Give back exactly the lines of the data below, starting with the line that has "with False show ?thesis by simp" and going on through the line that has "(b choose Suc t)".

·····

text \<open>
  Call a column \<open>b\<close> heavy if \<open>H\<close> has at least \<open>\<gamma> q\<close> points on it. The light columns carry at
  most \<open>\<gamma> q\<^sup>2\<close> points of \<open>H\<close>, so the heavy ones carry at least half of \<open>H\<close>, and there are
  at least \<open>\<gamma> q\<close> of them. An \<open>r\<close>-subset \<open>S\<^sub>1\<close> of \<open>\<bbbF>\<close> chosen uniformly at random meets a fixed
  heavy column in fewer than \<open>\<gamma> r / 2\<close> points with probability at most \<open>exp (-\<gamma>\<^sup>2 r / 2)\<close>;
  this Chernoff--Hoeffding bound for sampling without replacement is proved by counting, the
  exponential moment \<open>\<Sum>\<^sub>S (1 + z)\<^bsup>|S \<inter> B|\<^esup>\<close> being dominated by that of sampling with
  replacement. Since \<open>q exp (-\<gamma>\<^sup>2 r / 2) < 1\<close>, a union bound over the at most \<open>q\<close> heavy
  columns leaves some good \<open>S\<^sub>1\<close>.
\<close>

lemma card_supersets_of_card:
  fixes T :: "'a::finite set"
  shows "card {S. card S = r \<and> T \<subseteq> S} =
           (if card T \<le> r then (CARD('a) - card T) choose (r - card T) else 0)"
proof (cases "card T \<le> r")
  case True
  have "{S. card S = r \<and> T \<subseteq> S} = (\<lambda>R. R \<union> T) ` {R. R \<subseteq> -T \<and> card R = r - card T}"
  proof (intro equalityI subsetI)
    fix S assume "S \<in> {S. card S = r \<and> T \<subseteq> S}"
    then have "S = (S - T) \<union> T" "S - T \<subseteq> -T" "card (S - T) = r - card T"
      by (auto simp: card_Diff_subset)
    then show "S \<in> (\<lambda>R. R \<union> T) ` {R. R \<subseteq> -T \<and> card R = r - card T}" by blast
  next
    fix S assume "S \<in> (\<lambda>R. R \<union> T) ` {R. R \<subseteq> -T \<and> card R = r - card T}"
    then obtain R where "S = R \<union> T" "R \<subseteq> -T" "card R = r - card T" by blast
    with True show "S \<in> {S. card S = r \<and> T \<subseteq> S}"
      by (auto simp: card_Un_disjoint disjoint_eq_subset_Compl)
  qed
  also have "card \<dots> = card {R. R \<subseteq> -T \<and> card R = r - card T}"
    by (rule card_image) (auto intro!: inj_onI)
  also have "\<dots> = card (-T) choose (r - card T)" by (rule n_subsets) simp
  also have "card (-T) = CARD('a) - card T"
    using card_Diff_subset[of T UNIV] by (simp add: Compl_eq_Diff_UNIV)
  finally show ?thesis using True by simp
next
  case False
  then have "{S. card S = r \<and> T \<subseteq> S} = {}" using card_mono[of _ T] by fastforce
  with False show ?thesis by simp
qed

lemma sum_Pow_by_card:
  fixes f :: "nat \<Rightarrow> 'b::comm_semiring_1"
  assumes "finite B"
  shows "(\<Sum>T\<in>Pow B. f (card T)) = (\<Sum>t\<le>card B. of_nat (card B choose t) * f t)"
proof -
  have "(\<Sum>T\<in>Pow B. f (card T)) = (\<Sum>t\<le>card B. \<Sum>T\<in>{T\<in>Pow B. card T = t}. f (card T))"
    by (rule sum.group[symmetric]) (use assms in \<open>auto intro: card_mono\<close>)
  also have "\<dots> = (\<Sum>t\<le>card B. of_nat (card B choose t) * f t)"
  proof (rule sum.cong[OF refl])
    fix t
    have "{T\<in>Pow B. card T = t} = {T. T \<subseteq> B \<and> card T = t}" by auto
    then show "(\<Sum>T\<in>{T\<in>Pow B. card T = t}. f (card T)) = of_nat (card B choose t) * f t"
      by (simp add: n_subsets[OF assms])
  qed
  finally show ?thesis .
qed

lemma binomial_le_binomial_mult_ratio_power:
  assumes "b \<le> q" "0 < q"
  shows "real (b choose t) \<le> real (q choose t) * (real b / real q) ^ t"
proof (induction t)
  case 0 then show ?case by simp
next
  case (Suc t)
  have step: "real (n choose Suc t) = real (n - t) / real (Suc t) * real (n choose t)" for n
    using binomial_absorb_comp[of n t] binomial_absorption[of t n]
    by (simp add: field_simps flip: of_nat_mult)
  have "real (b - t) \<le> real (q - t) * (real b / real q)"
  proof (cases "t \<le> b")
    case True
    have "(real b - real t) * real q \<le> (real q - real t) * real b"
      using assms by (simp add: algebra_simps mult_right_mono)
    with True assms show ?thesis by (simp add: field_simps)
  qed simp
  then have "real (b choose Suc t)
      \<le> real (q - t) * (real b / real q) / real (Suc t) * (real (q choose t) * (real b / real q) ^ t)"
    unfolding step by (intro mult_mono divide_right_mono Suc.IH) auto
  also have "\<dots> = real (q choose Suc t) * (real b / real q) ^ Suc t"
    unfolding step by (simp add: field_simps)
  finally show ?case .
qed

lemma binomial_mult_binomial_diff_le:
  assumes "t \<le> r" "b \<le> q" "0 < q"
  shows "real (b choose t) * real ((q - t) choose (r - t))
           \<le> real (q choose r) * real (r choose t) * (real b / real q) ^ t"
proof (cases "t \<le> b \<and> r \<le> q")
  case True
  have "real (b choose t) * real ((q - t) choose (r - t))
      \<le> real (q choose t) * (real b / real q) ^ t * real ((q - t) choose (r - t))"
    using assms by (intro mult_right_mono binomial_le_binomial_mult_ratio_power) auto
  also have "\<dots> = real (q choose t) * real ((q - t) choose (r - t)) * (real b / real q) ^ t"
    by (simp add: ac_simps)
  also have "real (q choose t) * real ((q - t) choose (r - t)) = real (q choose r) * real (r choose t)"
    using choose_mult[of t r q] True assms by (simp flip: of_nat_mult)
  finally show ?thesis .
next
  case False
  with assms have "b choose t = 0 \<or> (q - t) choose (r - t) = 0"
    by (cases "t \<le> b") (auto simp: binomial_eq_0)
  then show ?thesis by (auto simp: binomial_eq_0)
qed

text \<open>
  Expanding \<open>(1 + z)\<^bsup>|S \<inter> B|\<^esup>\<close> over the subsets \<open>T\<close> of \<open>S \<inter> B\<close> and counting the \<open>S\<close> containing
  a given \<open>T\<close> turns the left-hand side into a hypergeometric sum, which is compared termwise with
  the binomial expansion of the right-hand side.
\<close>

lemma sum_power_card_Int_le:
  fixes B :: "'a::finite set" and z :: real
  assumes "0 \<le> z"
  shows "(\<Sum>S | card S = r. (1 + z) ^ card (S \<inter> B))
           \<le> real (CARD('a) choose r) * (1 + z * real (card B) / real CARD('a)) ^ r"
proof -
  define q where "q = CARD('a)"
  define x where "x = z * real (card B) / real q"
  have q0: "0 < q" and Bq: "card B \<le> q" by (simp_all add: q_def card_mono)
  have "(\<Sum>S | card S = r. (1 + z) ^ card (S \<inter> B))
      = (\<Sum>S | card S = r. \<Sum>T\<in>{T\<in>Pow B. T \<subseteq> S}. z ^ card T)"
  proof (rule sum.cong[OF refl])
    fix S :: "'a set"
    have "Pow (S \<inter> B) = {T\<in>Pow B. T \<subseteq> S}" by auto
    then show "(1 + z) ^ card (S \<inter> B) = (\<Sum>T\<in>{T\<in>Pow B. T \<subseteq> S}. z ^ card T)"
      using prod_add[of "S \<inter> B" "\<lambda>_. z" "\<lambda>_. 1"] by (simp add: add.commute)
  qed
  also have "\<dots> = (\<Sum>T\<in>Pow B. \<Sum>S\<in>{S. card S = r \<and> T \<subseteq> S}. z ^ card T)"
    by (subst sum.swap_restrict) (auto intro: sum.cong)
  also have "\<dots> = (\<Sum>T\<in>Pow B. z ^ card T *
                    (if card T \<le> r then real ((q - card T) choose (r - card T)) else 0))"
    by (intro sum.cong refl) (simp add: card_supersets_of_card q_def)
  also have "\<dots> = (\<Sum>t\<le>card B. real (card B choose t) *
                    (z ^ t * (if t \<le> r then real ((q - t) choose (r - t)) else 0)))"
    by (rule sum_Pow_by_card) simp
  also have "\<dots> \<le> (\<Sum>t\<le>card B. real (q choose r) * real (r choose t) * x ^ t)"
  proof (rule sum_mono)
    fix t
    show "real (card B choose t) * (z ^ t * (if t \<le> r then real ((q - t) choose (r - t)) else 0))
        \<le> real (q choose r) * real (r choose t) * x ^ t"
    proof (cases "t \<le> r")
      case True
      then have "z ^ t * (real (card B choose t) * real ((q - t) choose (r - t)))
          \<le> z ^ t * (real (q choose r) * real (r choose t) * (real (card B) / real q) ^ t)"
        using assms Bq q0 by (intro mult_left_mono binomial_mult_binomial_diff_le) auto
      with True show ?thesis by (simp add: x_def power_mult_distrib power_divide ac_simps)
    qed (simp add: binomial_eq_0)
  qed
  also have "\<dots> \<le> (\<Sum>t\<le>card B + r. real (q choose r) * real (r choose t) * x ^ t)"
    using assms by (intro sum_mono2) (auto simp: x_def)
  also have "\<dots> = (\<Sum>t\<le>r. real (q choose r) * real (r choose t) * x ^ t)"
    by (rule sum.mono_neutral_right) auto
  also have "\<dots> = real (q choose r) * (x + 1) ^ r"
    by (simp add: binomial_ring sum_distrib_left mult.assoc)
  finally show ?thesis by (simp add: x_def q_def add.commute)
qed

·····

§ **Solution for this exercise**:
  with False show ?thesis by simp
qed

lemma sum_Pow_by_card:
  fixes f :: "nat \<Rightarrow> 'b::comm_semiring_1"
  assumes "finite B"
  shows "(\<Sum>T\<in>Pow B. f (card T)) = (\<Sum>t\<le>card B. of_nat (card B choose t) * f t)"
proof -
  have "(\<Sum>T\<in>Pow B. f (card T)) = (\<Sum>t\<le>card B. \<Sum>T\<in>{T\<in>Pow B. card T = t}. f (card T))"
    by (rule sum.group[symmetric]) (use assms in \<open>auto intro: card_mono\<close>)
  also have "\<dots> = (\<Sum>t\<le>card B. of_nat (card B choose t) * f t)"
  proof (rule sum.cong[OF refl])
    fix t
    have "{T\<in>Pow B. card T = t} = {T. T \<subseteq> B \<and> card T = t}" by auto
    then show "(\<Sum>T\<in>{T\<in>Pow B. card T = t}. f (card T)) = of_nat (card B choose t) * f t"
      by (simp add: n_subsets[OF assms])
  qed
  finally show ?thesis .
qed

lemma binomial_le_binomial_mult_ratio_power:
  assumes "b \<le> q" "0 < q"
  shows "real (b choose t) \<le> real (q choose t) * (real b / real q) ^ t"
proof (induction t)
  case 0 then show ?case by simp
next
  case (Suc t)
  have step: "real (n choose Suc t) = real (n - t) / real (Suc t) * real (n choose t)" for n
    using binomial_absorb_comp[of n t] binomial_absorption[of t n]
    by (simp add: field_simps flip: of_nat_mult)
  have "real (b - t) \<le> real (q - t) * (real b / real q)"
  proof (cases "t \<le> b")
    case True
    have "(real b - real t) * real q \<le> (real q - real t) * real b"
      using assms by (simp add: algebra_simps mult_right_mono)
    with True assms show ?thesis by (simp add: field_simps)
  qed simp
  then have "real (b choose Suc t)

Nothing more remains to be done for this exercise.